CFD simulation with analytical verification of discharging of nitrogen and helium from a high-pressure gas vessel

Abstract

Many applications and industrial processes may necessitate the storage of large amounts of gases at high pressures. These compressed gases could be extremely dangerous if unintentionally released. since they could be poisonous or combustible when mixed with air. This research seeks to create a CFD model and undertake an analytical investigation of the process of de-pressurization of high-pressure gas from a vessel. The vessel to be studied is used in a pneumatic power system used to operate the control surface of a flying vehicle. The study involved two working fluids (nitrogen and helium). The discharging process is considered as a typical mass and heat transfer problem solved analytically by adopting The First Law of Thermodynamics to an unsteady flow control volume and simulated by employing transient flow analysis to the CFD model.
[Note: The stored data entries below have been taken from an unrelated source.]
text \<open>The only non-trivial term of \<open>L\<close> is the series \<open>\<Sum>k. sqrt c\<^sub>k z\<^sub>k\<close>.
  Writing \<open>sqrt c\<^sub>k z\<^sub>k = sqrt (c\<^sub>k / w\<^sub>k) \<cdot> sqrt w\<^sub>k z\<^sub>k\<close> with the weights
  \<open>w\<^sub>k = k powr (-2s)\<close> of the norm, Cauchy-Schwarz bounds its square by
  \<open>(\<Sum>k. c\<^sub>k / w\<^sub>k) \<cdot> \<parallel>X\<parallel>\<^sup>2\<close>, and \<open>c\<^sub>k / w\<^sub>k = k powr (2s - 1 - \<alpha>\<beta>)\<close> is
  summable exactly when \<open>2s < \<alpha>\<beta>\<close>. The remaining components are controlled by
  \<open>w\<^sub>k \<le> 1\<close>, \<open>\<lambda>\<^sub>k \<le> 1\<close> and the summability of \<open>c\<^sub>k\<close>.\<close>

lemma summable_Suc_powr: "p < -1 \<Longrightarrow> summable (\<lambda>k. real (Suc k) powr p)"
  using summable_Suc_iff[where f = "\<lambda>n. real n powr p"] summable_real_powr_iff[of p] by simp

lemma summable_mult_of_square_summable:
  fixes f g :: "nat \<Rightarrow> real"
  assumes "summable (\<lambda>k. (f k)\<^sup>2)" "summable (\<lambda>k. (g k)\<^sup>2)"
  shows "summable (\<lambda>k. f k * g k)"
proof (rule summable_comparison_test')
  show "summable (\<lambda>k. ((f k)\<^sup>2 + (g k)\<^sup>2) / 2)"
    using assms by (intro summable_divide summable_add)
  show "norm (f k * g k) \<le> ((f k)\<^sup>2 + (g k)\<^sup>2) / 2" for k
    using sum_squares_bound[of "\<bar>f k\<bar>" "\<bar>g k\<bar>"] by (simp add: abs_mult)
qed

lemma Cauchy_Schwarz_ineq_suminf:
  fixes f g :: "nat \<Rightarrow> real"
  assumes "summable (\<lambda>k. (f k)\<^sup>2)" "summable (\<lambda>k. (g k)\<^sup>2)"
  shows "(\<Sum>k. f k * g k)\<^sup>2 \<le> (\<Sum>k. (f k)\<^sup>2) * (\<Sum>k. (g k)\<^sup>2)"
proof (rule LIMSEQ_le)
  show "(\<lambda>n. (\<Sum>k<n. f k * g k)\<^sup>2) \<longlonglongrightarrow> (\<Sum>k. f k * g k)\<^sup>2"
    using summable_mult_of_square_summable[OF assms]
    by (intro tendsto_power summable_LIMSEQ)
  show "(\<lambda>n. (\<Sum>k<n. (f k)\<^sup>2) * (\<Sum>k<n. (g k)\<^sup>2)) \<longlonglongrightarrow> (\<Sum>k. (f k)\<^sup>2) * (\<Sum>k. (g k)\<^sup>2)"
    using assms by (intro tendsto_mult summable_LIMSEQ)
  show "\<exists>N. \<forall>n\<ge>N. (\<Sum>k<n. f k * g k)\<^sup>2 \<le> (\<Sum>k<n. (f k)\<^sup>2) * (\<Sum>k<n. (g k)\<^sup>2)"
    using Cauchy_Schwarz_ineq_sum by blast
qed

lemma square_add_le: "(p + q)\<^sup>2 \<le> 2 * p\<^sup>2 + 2 * (q::real)\<^sup>2"
  using sum_squares_bound[of p q] by (simp add: power2_sum)

lemma wt_pos: "wt s k > 0"
  by (simp add: wt_def)

lemma wt_le_1: "s \<ge> 0 \<Longrightarrow> wt s k \<le> 1"
  unfolding wt_def using powr_mono[of "-2 * s" 0 "real (Suc k)"] by simp

lemma ccoef_pos: "ccoef \<alpha> \<beta> k > 0"
  by (simp add: ccoef_def)

lemma lam_square_le_1: "\<beta> \<ge> 0 \<Longrightarrow> (lam \<beta> k)\<^sup>2 \<le> 1"
  unfolding lam_def using powr_mono[of "-\<beta>" 0 "real (Suc k)"] by (simp add: power_le_one)

lemma ccoef_div_wt: "ccoef \<alpha> \<beta> k / wt s k = real (Suc k) powr (2 * s - 1 - \<alpha> * \<beta>)"
  unfolding ccoef_def wt_def by (simp flip: powr_diff add: algebra_simps)

lemma summable_ccoef: "\<alpha> * \<beta> > 0 \<Longrightarrow> summable (ccoef \<alpha> \<beta>)"
  unfolding ccoef_def by (rule summable_Suc_powr) simp

lemma summable_ccoef_div_wt: "2 * s < \<alpha> * \<beta> \<Longrightarrow> summable (\<lambda>k. ccoef \<alpha> \<beta> k / wt s k)"
  unfolding ccoef_div_wt by (rule summable_Suc_powr) simp

lemma suminf_ccoef_nonneg: "\<alpha> * \<beta> > 0 \<Longrightarrow> 0 \<le> (\<Sum>k. ccoef \<alpha> \<beta> k)"
  using summable_ccoef ccoef_pos by (intro suminf_nonneg less_imp_le)

lemma suminf_ccoef_div_wt_nonneg: "2 * s < \<alpha> * \<beta> \<Longrightarrow> 0 \<le> (\<Sum>k. ccoef \<alpha> \<beta> k / wt s k)"
  using summable_ccoef_div_wt ccoef_pos wt_pos by (intro suminf_nonneg less_imp_le divide_pos_pos)

lemma Hs_iff: "(x, v, z) \<in> Hs s \<longleftrightarrow> summable (\<lambda>k. wt s k * (z k)\<^sup>2)"
  by (simp add: Hs_def)

lemma Hnorm_eq: "Hnorm s (x, v, z) = sqrt (x\<^sup>2 + v\<^sup>2 + (\<Sum>k. wt s k * (z k)\<^sup>2))"
  by (simp add: Hnorm_def)

lemma sqrt_ccoef_mult_eq:
  "sqrt (ccoef \<alpha> \<beta> k) * z k = sqrt (ccoef \<alpha> \<beta> k / wt s k) * (sqrt (wt s k) * z k)"
  using wt_pos[of s k] by (simp add: real_sqrt_divide)

lemma
  assumes "2 * s < \<alpha> * \<beta>" "summable (\<lambda>k. wt s k * (z k)\<^sup>2)"
  shows summable_sqrt_ccoef_mult: "summable (\<lambda>k. sqrt (ccoef \<alpha> \<beta> k) * z k)"
    and square_suminf_sqrt_ccoef_mult_le:
      "(\<Sum>k. sqrt (ccoef \<alpha> \<beta> k) * z k)\<^sup>2
         \<le> (\<Sum>k. ccoef \<alpha> \<beta> k / wt s k) * (\<Sum>k. wt s k * (z k)\<^sup>2)"
proof -
  have f: "(sqrt (ccoef \<alpha> \<beta> k / wt s k))\<^sup>2 = ccoef \<alpha> \<beta> k / wt s k"
    and g: "(sqrt (wt s k) * z k)\<^sup>2 = wt s k * (z k)\<^sup>2" for k
    using ccoef_pos[of \<alpha> \<beta> k] wt_pos[of s k] by (simp_all add: power_mult_distrib)
  note sq = summable_ccoef_div_wt[OF assms(1)] assms(2)
  show "summable (\<lambda>k. sqrt (ccoef \<alpha> \<beta> k) * z k)"
    using summable_mult_of_square_summable[of "\<lambda>k. sqrt (ccoef \<alpha> \<beta> k / wt s k)"
        "\<lambda>k. sqrt (wt s k) * z k"] sq
    unfolding f g sqrt_ccoef_mult_eq[of \<alpha> \<beta> _ z s, symmetric] by blast
  show "(\<Sum>k. sqrt (ccoef \<alpha> \<beta> k) * z k)\<^sup>2
         \<le> (\<Sum>k. ccoef \<alpha> \<beta> k / wt s k) * (\<Sum>k. wt s k * (z k)\<^sup>2)"
    using Cauchy_Schwarz_ineq_suminf[of "\<lambda>k. sqrt (ccoef \<alpha> \<beta> k / wt s k)"
        "\<lambda>k. sqrt (wt s k) * z k"] sq
    unfolding f g sqrt_ccoef_mult_eq[of \<alpha> \<beta> _ z s, symmetric] by blast
qed

lemma wt_mult_Lop_square_le:
  assumes "s \<ge> 0" "\<beta> \<ge> 0"
  shows "wt s k * (- lam \<beta> k * z k + sqrt (ccoef \<alpha> \<beta> k) * v)\<^sup>2
           \<le> 2 * (wt s k * (z k)\<^sup>2) + 2 * v\<^sup>2 * ccoef \<alpha> \<beta> k"
proof -
  have w: "0 < wt s k" "wt s k \<le> 1"
    using wt_pos wt_le_1[OF assms(1)] by auto
  have c: "0 < ccoef \<alpha> \<beta> k"
    by (rule ccoef_pos)
  have "(- lam \<beta> k * z k + sqrt (ccoef \<alpha> \<beta> k) * v)\<^sup>2
          \<le> 2 * (lam \<beta> k)\<^sup>2 * (z k)\<^sup>2 + 2 * ccoef \<alpha> \<beta> k * v\<^sup>2"
    using square_add_le[of "- lam \<beta> k * z k" "sqrt (ccoef \<alpha> \<beta> k) * v"] c
    by (simp add: power_mult_distrib)
  also have "\<dots> \<le> 2 * (z k)\<^sup>2 + 2 * ccoef \<alpha> \<beta> k * v\<^sup>2"
    using mult_right_mono[OF lam_square_le_1[OF assms(2)], of "(z k)\<^sup>2"] by simp
  finally have "wt s k * (- lam \<beta> k * z k + sqrt (ccoef \<alpha> \<beta> k) * v)\<^sup>2
                  \<le> wt s k * (2 * (z k)\<^sup>2 + 2 * ccoef \<alpha> \<beta> k * v\<^sup>2)"
    using w by (simp add: mult_left_mono)
  also have "\<dots> \<le> 2 * (wt s k * (z k)\<^sup>2) + 2 * v\<^sup>2 * ccoef \<alpha> \<beta> k"
    using mult_right_mono[OF w(2), of "2 * ccoef \<alpha> \<beta> k * v\<^sup>2"] c
    by (simp add: distrib_left mult.commute mult.left_commute)
  finally show ?thesis .
qed

lemma
  assumes "s \<ge> 0" "\<beta> \<ge> 0" "\<alpha> * \<beta> > 0" "summable (\<lambda>k. wt s k * (z k)\<^sup>2)"
  shows summable_wt_mult_Lop_square:
      "summable (\<lambda>k. wt s k * (- lam \<beta> k * z k + sqrt (ccoef \<alpha> \<beta> k) * v)\<^sup>2)"
    and suminf_wt_mult_Lop_square_le:
      "(\<Sum>k. wt s k * (- lam \<beta> k * z k + sqrt (ccoef \<alpha> \<beta> k) * v)\<^sup>2)
         \<le> 2 * (\<Sum>k. wt s k * (z k)\<^sup>2) + 2 * v\<^sup>2 * (\<Sum>k. ccoef \<alpha> \<beta> k)"
proof -
  have bound: "summable (\<lambda>k. 2 * (wt s k * (z k)\<^sup>2) + 2 * v\<^sup>2 * ccoef \<alpha> \<beta> k)"
    using assms(4) summable_ccoef[OF assms(3)] by (intro summable_add summable_mult)
  show sum: "summable (\<lambda>k. wt s k * (- lam \<beta> k * z k + sqrt (ccoef \<alpha> \<beta> k) * v)\<^sup>2)"
    using wt_mult_Lop_square_le[OF assms(1,2), of _ z \<alpha> v]
    by (intro summable_comparison_test'[OF bound]) (simp add: abs_mult wt_pos abs_of_pos)
  have "(\<Sum>k. wt s k * (- lam \<beta> k * z k + sqrt (ccoef \<alpha> \<beta> k) * v)\<^sup>2)
          \<le> (\<Sum>k. 2 * (wt s k * (z k)\<^sup>2) + 2 * v\<^sup>2 * ccoef \<alpha> \<beta> k)"
    by (rule suminf_le[OF wt_mult_Lop_square_le[OF assms(1,2), of _ z \<alpha> v] sum bound])
  also have "\<dots> = 2 * (\<Sum>k. wt s k * (z k)\<^sup>2) + 2 * v\<^sup>2 * (\<Sum>k. ccoef \<alpha> \<beta> k)"
    using assms(4) summable_ccoef[OF assms(3)]
    by (simp add: suminf_add [symmetric] summable_mult suminf_mult)
  finally show "(\<Sum>k. wt s k * (- lam \<beta> k * z k + sqrt (ccoef \<alpha> \<beta> k) * v)\<^sup>2)
         \<le> 2 * (\<Sum>k. wt s k * (z k)\<^sup>2) + 2 * v\<^sup>2 * (\<Sum>k. ccoef \<alpha> \<beta> k)" .
qed

lemma Lop_in_Hs:
  assumes "s \<ge> 0" "\<beta> \<ge> 0" "\<alpha> * \<beta> > 0" "X \<in> Hs s"
  shows "Lop m \<gamma> \<alpha> \<beta> X \<in> Hs s"
  using assms summable_wt_mult_Lop_square[OF assms(1-3)] by (auto simp: Hs_def Lop_def)

lemma suminf_mult_linear:
  fixes h f g :: "nat \<Rightarrow> real"
  assumes "summable (\<lambda>k. h k * f k)" "summable (\<lambda>k. h k * g k)"
  shows "(\<Sum>k. h k * (a * f k + b * g k)) = a * (\<Sum>k. h k * f k) + b * (\<Sum>k. h k * g k)"
proof -
  have "(\<Sum>k. h k * (a * f k + b * g k)) = (\<Sum>k. a * (h k * f k) + b * (h k * g k))"
    by (simp add: algebra_simps)
  also have "\<dots> = a * (\<Sum>k. h k * f k) + b * (\<Sum>k. h k * g k)"
    using assms by (simp add: suminf_add [symmetric] summable_mult suminf_mult)
  finally show ?thesis .
qed

lemma Lop_linear:
  assumes "2 * s < \<alpha> * \<beta>" "X \<in> Hs s" "Y \<in> Hs s"
  shows "Lop m \<gamma> \<alpha> \<beta> (hadd (hscale a X) (hscale b Y))
           = hadd (hscale a (Lop m \<gamma> \<alpha> \<beta> X)) (hscale b (Lop m \<gamma> \<alpha> \<beta> Y))"
proof -
  obtain x v z x' v' z' where XY: "X = (x, v, z)" "Y = (x', v', z')"
    by (cases X, cases Y) auto
  have "(\<Sum>k. sqrt (ccoef \<alpha> \<beta> k) * (a * z k + b * z' k)) =
          a * (\<Sum>k. sqrt (ccoef \<alpha> \<beta> k) * z k) + b * (\<Sum>k. sqrt (ccoef \<alpha> \<beta> k) * z' k)"
    using assms XY
    by (intro suminf_mult_linear summable_sqrt_ccoef_mult[OF assms(1)]) (auto simp: Hs_iff)
  then show ?thesis
    unfolding XY by (simp add: Lop_def hadd_def hscale_def algebra_simps add_divide_distrib)
qed

text \<open>The bound holds for every \<open>m\<close>: for \<open>m = 0\<close> the division junk makes the
  second component of \<open>L X\<close> vanish.\<close>
lemma Hnorm_Lop_le:
  assumes "s \<ge> 0" "\<beta> \<ge> 0" "2 * s < \<alpha> * \<beta>" "X \<in> Hs s"
  shows "Hnorm s (Lop m \<gamma> \<alpha> \<beta> X)
           \<le> sqrt (3 + 2 * (\<gamma> / m)\<^sup>2 + 2 * (\<Sum>k. ccoef \<alpha> \<beta> k / wt s k) / m\<^sup>2
                    + 2 * (\<Sum>k. ccoef \<alpha> \<beta> k)) * Hnorm s X"
    (is "_ \<le> sqrt ?C * _")
proof -
  obtain x v z where X: "X = (x, v, z)"
    by (cases X) auto
  have ab: "\<alpha> * \<beta> > 0"
    using assms by linarith
  have sum: "summable (\<lambda>k. wt s k * (z k)\<^sup>2)"
    using assms(4) X by (simp add: Hs_iff)
  define A where "A = (\<Sum>k. ccoef \<alpha> \<beta> k / wt s k)"
  define D where "D = (\<Sum>k. ccoef \<alpha> \<beta> k)"
  define B where "B = (\<Sum>k. wt s k * (z k)\<^sup>2)"
  define S where "S = (\<Sum>k. sqrt (ccoef \<alpha> \<beta> k) * z k)"
  define T where "T = (\<Sum>k. wt s k * (- lam \<beta> k * z k + sqrt (ccoef \<alpha> \<beta> k) * v)\<^sup>2)"
  have A0: "A \<ge> 0" and D0: "D \<ge> 0"
    unfolding A_def D_def using suminf_ccoef_div_wt_nonneg[OF assms(3)] suminf_ccoef_nonneg[OF ab] .
  have B0: "B \<ge> 0"
    unfolding B_def using sum wt_pos[THEN less_imp_le] by (intro suminf_nonneg mult_nonneg_nonneg) simp_all
  have S2: "S\<^sup>2 \<le> A * B"
    unfolding S_def A_def B_def by (rule square_suminf_sqrt_ccoef_mult_le[OF assms(3) sum])
  have T: "T \<le> 2 * B + 2 * v\<^sup>2 * D"
    unfolding T_def B_def D_def by (rule suminf_wt_mult_Lop_square_le[OF assms(1,2) ab sum])
  define N where "N = x\<^sup>2 + v\<^sup>2 + B"
  have vN: "v\<^sup>2 \<le> N" and BN: "B \<le> N"
    unfolding N_def using B0 by auto
  have "(- (\<gamma> / m) * v - (1 / m) * S)\<^sup>2 \<le> 2 * (\<gamma> / m)\<^sup>2 * v\<^sup>2 + 2 * S\<^sup>2 / m\<^sup>2"
    using sum_squares_bound[of "(\<gamma> / m) * v" "S / m"]
    by (simp add: power2_diff power_mult_distrib power_divide)
  also have "\<dots> \<le> 2 * (\<gamma> / m)\<^sup>2 * N + 2 * A * N / m\<^sup>2"
    using vN S2 mult_left_mono[OF BN A0]
    by (intro add_mono mult_left_mono divide_right_mono) auto
  finally have M: "(- (\<gamma> / m) * v - (1 / m) * S)\<^sup>2 \<le> 2 * (\<gamma> / m)\<^sup>2 * N + 2 * A * N / m\<^sup>2" .
  have "v\<^sup>2 + (- (\<gamma> / m) * v - (1 / m) * S)\<^sup>2 + T \<le> ?C * N"
    using vN BN M T mult_right_mono[OF vN D0] unfolding A_def [symmetric] D_def [symmetric]
    by (simp add: algebra_simps)
  then have "sqrt (v\<^sup>2 + (- (\<gamma> / m) * v - (1 / m) * S)\<^sup>2 + T) \<le> sqrt ?C * sqrt N"
    by (simp flip: real_sqrt_mult)
  then show ?thesis
    unfolding X Lop_def N_def B_def S_def T_def by (simp add: Hnorm_eq)
qed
The research was carried out on 440 bars (absolute pressure) of pressurized gas vessels. Working gases for the study included nitrogen and helium. Analytical solution results for the two different gases have been compared with the CFD simulation results to assess the CFD model’s accuracy. A good match is achieved when the gas temperature, pressure, density, and outlet mass flow rate variations are compared. The results demonstrated a good match between the CFD and analytical data, proving the validity of the CFD model.